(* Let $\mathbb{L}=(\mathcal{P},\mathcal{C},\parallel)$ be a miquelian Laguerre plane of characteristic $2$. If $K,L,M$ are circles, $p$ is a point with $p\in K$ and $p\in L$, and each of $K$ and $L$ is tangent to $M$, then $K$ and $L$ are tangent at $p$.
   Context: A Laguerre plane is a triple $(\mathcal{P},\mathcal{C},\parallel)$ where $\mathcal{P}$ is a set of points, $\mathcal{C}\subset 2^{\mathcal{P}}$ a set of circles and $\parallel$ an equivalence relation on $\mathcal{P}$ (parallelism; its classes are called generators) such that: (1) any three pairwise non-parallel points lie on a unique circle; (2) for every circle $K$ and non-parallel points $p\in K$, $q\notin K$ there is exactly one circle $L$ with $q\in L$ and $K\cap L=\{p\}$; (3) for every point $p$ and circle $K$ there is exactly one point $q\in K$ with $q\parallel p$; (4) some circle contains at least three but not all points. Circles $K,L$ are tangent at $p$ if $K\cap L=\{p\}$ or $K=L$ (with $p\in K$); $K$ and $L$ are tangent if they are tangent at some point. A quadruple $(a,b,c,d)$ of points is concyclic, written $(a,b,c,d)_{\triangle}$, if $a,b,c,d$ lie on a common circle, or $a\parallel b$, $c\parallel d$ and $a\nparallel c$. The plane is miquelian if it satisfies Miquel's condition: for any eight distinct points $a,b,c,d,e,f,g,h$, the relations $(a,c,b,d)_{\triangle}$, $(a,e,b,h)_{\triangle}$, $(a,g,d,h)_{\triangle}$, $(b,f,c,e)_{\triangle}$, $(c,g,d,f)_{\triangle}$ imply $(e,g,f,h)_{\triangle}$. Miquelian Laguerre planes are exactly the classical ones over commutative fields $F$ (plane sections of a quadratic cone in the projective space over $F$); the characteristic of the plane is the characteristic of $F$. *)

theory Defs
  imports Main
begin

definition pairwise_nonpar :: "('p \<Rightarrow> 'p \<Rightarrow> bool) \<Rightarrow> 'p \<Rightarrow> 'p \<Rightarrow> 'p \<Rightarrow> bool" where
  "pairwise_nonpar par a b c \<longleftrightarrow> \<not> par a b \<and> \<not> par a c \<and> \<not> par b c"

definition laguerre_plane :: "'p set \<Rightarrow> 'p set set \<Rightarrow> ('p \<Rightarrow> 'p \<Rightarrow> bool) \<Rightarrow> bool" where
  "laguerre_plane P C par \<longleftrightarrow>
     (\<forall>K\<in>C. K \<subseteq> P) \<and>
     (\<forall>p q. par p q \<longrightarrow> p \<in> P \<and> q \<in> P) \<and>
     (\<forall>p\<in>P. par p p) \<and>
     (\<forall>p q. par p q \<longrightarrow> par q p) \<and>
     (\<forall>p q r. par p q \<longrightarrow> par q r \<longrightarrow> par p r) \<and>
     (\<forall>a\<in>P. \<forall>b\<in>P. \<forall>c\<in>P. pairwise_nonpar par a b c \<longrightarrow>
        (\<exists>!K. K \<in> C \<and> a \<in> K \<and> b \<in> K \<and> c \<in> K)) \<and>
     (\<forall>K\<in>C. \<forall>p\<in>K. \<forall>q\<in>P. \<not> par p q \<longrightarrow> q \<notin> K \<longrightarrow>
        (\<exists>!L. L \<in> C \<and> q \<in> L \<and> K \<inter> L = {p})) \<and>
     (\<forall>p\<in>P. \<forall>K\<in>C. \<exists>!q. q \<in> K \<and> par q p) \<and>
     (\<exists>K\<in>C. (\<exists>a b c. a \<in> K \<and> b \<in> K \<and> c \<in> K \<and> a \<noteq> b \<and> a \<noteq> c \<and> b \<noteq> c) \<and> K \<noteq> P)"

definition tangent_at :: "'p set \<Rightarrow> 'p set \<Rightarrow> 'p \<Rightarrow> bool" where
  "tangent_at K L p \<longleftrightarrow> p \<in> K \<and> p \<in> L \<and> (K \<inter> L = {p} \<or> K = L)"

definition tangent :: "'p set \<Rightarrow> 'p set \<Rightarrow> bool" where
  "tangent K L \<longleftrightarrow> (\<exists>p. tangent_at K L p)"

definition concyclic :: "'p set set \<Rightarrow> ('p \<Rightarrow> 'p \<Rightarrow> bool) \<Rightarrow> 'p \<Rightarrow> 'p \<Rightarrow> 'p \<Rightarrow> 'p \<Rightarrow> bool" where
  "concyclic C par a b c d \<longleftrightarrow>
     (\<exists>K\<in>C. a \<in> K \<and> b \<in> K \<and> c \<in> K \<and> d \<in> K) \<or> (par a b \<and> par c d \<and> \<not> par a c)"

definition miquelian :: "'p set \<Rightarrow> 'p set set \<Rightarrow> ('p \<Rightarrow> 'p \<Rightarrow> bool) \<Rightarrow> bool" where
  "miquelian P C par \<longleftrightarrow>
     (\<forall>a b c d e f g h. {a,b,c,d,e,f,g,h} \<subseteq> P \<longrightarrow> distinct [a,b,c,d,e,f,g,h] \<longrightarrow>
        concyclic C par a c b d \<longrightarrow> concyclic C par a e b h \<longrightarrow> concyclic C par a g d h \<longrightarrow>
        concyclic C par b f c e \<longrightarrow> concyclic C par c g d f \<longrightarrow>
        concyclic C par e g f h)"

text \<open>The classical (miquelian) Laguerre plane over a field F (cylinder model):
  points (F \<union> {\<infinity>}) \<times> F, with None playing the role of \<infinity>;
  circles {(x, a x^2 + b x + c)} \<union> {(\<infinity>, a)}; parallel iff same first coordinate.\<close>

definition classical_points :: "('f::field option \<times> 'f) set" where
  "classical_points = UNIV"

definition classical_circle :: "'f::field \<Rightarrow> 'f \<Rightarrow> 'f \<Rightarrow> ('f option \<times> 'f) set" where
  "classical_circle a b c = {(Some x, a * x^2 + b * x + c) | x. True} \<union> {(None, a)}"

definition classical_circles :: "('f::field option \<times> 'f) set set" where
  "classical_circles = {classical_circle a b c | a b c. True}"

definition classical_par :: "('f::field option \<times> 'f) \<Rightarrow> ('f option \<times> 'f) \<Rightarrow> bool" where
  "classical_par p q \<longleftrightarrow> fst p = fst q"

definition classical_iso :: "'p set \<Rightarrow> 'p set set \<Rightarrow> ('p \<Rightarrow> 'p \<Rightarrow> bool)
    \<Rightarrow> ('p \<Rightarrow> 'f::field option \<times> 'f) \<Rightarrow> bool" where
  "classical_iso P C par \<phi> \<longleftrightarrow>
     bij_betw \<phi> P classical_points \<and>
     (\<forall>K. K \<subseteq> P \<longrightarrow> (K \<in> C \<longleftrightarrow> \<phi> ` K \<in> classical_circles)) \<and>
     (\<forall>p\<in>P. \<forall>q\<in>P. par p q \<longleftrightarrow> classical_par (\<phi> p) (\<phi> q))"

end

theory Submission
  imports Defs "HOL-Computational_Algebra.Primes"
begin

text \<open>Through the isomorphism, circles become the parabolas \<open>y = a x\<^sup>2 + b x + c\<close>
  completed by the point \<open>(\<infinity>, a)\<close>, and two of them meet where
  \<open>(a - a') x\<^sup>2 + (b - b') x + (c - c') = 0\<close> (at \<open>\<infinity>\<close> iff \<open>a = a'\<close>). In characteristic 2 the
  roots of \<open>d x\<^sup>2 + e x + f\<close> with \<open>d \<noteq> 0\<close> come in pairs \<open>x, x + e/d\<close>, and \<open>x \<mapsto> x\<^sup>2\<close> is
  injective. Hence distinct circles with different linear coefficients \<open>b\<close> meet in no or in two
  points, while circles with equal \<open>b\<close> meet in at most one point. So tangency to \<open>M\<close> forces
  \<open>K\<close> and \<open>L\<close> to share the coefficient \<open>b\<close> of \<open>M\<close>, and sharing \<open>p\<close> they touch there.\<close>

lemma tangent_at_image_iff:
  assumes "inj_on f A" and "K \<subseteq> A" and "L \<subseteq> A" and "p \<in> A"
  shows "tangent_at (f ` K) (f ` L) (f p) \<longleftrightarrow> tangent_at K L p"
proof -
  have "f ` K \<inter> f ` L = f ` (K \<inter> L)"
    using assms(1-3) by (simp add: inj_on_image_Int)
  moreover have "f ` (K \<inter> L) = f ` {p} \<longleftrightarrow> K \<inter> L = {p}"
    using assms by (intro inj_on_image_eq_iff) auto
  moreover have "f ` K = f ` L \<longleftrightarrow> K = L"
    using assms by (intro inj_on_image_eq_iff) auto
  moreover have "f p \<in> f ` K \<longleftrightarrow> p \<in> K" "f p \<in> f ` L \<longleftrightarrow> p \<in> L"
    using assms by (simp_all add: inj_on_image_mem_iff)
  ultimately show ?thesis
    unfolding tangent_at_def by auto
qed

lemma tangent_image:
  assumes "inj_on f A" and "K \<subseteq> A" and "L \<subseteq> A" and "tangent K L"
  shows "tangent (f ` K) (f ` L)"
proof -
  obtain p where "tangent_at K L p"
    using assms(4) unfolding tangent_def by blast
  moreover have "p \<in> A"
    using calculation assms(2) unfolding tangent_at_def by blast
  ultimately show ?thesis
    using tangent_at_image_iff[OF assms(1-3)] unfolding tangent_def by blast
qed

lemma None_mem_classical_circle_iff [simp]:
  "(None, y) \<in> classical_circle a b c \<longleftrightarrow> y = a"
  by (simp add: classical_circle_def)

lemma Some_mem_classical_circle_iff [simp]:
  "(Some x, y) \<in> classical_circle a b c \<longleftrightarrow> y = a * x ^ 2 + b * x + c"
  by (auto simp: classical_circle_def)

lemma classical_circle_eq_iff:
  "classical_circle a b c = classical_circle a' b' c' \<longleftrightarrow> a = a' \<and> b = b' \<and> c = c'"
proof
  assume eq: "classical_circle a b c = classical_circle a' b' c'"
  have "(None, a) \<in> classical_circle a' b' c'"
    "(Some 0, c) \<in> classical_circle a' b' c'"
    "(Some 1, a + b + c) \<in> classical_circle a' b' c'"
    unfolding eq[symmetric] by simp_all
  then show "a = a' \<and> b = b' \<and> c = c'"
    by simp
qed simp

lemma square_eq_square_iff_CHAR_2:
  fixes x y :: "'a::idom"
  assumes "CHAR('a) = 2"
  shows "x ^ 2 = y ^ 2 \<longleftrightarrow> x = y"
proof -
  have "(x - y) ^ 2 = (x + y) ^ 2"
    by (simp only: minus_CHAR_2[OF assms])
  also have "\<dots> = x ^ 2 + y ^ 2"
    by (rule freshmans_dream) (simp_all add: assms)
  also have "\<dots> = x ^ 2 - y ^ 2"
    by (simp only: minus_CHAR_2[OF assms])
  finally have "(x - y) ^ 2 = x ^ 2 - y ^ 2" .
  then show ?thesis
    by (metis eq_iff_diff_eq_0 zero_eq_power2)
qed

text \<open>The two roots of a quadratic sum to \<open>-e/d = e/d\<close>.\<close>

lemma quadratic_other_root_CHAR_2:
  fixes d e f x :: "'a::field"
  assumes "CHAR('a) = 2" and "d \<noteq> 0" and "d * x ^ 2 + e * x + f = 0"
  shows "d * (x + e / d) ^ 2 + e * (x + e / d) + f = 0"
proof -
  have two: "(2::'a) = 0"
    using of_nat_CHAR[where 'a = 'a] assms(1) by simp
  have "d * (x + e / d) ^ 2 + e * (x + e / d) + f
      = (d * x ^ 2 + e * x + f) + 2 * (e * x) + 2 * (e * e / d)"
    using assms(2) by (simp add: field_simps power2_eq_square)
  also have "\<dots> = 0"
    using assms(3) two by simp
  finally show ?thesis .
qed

* * *

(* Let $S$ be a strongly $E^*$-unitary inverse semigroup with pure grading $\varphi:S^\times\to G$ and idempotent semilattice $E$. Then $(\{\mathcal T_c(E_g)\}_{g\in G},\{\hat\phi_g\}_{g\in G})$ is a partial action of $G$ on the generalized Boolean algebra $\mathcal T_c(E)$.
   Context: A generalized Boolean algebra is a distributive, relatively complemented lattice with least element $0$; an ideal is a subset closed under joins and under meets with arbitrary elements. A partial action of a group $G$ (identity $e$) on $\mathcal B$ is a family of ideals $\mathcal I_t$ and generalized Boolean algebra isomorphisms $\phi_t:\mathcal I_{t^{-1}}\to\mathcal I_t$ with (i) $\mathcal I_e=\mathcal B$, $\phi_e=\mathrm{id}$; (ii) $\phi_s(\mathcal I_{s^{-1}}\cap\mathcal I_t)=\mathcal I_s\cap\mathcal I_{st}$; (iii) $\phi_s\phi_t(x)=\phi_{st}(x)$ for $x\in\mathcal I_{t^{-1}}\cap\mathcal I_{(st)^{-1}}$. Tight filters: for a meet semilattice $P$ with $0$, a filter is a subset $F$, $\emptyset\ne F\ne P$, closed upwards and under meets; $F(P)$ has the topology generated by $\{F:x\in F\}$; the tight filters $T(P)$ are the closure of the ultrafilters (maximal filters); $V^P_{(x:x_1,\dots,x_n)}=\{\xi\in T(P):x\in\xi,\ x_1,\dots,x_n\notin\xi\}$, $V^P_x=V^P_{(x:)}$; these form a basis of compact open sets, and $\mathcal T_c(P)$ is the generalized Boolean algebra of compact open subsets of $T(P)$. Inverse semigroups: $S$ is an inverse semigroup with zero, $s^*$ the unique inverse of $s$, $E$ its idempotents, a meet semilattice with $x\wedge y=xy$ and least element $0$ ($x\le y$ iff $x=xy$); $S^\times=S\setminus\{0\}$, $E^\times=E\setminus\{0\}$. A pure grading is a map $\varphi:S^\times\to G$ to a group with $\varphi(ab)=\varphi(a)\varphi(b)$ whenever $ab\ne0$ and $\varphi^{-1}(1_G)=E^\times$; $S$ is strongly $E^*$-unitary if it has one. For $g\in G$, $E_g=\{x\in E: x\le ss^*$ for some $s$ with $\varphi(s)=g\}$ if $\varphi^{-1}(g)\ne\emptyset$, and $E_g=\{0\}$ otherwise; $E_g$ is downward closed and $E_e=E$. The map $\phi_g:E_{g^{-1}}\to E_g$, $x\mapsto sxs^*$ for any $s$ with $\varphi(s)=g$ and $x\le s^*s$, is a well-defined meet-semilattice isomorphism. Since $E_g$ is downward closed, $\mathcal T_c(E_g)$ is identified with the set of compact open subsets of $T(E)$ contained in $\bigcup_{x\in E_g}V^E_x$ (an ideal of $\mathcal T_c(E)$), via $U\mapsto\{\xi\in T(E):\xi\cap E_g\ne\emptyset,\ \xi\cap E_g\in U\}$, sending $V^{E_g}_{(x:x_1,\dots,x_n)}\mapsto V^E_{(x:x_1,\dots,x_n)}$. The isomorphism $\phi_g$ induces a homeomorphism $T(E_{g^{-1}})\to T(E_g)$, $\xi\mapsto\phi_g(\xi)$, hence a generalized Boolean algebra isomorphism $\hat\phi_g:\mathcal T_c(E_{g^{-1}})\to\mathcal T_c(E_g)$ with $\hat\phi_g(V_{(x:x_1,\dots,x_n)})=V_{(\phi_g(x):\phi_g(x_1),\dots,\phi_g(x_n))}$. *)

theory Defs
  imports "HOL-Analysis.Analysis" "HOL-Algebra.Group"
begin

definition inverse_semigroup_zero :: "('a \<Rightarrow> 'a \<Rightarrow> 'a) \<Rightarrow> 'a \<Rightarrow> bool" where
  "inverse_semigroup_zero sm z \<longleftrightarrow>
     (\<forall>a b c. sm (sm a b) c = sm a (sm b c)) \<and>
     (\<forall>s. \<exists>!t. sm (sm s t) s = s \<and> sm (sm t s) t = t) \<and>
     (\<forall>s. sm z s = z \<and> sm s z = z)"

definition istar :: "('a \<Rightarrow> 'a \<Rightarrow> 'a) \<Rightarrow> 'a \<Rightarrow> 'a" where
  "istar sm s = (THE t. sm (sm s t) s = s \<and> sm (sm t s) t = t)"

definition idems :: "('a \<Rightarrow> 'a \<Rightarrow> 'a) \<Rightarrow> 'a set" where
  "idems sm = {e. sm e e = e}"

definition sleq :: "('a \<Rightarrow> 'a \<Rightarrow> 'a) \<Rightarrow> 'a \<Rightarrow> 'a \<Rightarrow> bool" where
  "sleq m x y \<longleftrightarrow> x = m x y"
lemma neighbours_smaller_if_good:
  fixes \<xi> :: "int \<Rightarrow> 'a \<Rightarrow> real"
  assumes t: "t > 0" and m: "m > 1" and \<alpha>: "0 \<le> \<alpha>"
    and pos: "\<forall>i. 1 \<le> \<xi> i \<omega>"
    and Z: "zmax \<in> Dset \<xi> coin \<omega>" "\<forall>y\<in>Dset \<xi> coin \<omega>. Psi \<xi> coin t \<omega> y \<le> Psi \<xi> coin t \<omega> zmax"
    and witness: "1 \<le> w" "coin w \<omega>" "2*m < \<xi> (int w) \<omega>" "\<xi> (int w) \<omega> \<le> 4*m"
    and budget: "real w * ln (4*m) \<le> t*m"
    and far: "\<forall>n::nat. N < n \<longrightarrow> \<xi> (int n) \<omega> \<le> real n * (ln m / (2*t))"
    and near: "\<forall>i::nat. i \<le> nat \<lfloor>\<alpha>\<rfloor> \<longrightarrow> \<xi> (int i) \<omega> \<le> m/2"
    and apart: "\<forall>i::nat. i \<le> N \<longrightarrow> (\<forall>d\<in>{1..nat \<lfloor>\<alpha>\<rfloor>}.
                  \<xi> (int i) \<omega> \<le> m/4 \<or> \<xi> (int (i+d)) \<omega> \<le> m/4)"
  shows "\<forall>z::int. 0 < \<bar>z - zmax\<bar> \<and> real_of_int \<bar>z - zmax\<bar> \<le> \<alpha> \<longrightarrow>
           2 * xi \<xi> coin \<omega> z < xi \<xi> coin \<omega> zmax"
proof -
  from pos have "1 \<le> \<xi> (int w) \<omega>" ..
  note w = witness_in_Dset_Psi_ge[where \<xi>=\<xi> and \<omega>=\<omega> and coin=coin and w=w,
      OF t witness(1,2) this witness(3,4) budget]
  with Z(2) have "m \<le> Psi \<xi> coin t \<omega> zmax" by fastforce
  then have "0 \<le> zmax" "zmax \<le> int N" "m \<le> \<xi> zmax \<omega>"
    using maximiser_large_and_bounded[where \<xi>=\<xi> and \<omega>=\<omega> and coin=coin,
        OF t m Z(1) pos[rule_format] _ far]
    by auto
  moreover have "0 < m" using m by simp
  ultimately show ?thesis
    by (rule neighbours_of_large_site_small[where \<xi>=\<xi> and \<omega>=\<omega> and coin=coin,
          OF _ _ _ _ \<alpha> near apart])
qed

--

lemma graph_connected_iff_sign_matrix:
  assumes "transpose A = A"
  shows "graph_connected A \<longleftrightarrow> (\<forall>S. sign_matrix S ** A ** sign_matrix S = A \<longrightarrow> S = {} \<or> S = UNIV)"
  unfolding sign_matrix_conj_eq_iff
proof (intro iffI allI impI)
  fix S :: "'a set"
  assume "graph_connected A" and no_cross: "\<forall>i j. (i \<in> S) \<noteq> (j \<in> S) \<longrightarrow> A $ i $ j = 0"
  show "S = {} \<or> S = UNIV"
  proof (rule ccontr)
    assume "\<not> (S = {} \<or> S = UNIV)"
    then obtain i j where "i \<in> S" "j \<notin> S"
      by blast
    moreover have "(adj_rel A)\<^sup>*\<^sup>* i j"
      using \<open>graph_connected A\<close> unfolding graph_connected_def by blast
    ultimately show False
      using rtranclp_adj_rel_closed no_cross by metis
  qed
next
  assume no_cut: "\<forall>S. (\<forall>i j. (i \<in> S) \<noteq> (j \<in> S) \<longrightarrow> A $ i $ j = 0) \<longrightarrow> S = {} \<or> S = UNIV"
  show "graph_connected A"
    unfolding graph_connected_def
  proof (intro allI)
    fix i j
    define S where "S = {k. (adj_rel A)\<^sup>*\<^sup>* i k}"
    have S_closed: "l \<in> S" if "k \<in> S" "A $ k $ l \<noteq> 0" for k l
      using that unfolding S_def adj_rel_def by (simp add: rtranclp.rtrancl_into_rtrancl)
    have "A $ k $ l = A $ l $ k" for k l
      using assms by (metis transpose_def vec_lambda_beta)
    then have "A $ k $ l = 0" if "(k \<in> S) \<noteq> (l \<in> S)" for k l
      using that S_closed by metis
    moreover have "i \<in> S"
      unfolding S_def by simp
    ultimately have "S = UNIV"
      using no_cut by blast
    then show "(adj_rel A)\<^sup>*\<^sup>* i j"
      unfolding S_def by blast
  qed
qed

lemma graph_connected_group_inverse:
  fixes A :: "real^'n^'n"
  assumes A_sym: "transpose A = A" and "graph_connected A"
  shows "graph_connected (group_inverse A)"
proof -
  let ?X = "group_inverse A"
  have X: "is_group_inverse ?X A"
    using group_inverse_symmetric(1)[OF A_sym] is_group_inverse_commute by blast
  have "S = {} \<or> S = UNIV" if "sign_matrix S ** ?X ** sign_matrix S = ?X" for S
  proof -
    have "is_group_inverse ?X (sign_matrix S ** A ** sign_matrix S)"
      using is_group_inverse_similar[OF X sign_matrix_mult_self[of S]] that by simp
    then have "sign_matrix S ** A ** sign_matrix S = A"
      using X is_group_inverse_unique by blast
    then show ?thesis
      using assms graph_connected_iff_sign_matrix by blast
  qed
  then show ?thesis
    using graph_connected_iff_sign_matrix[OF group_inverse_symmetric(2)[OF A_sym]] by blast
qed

**Problem to work on:** The word "roots" appears in some of the lines above. Copy those lines.

**Task answer:**
  roots of \<open>d x\<^sup>2 + e x + f\<close> with \<open>d \<noteq> 0\<close> come in pairs \<open>x, x + e/d\<close>, and \<open>x \<mapsto> x\<^sup>2\<close> is
text \<open>The two roots of a quadratic sum to \<open>-e/d = e/d\<close>.\<close>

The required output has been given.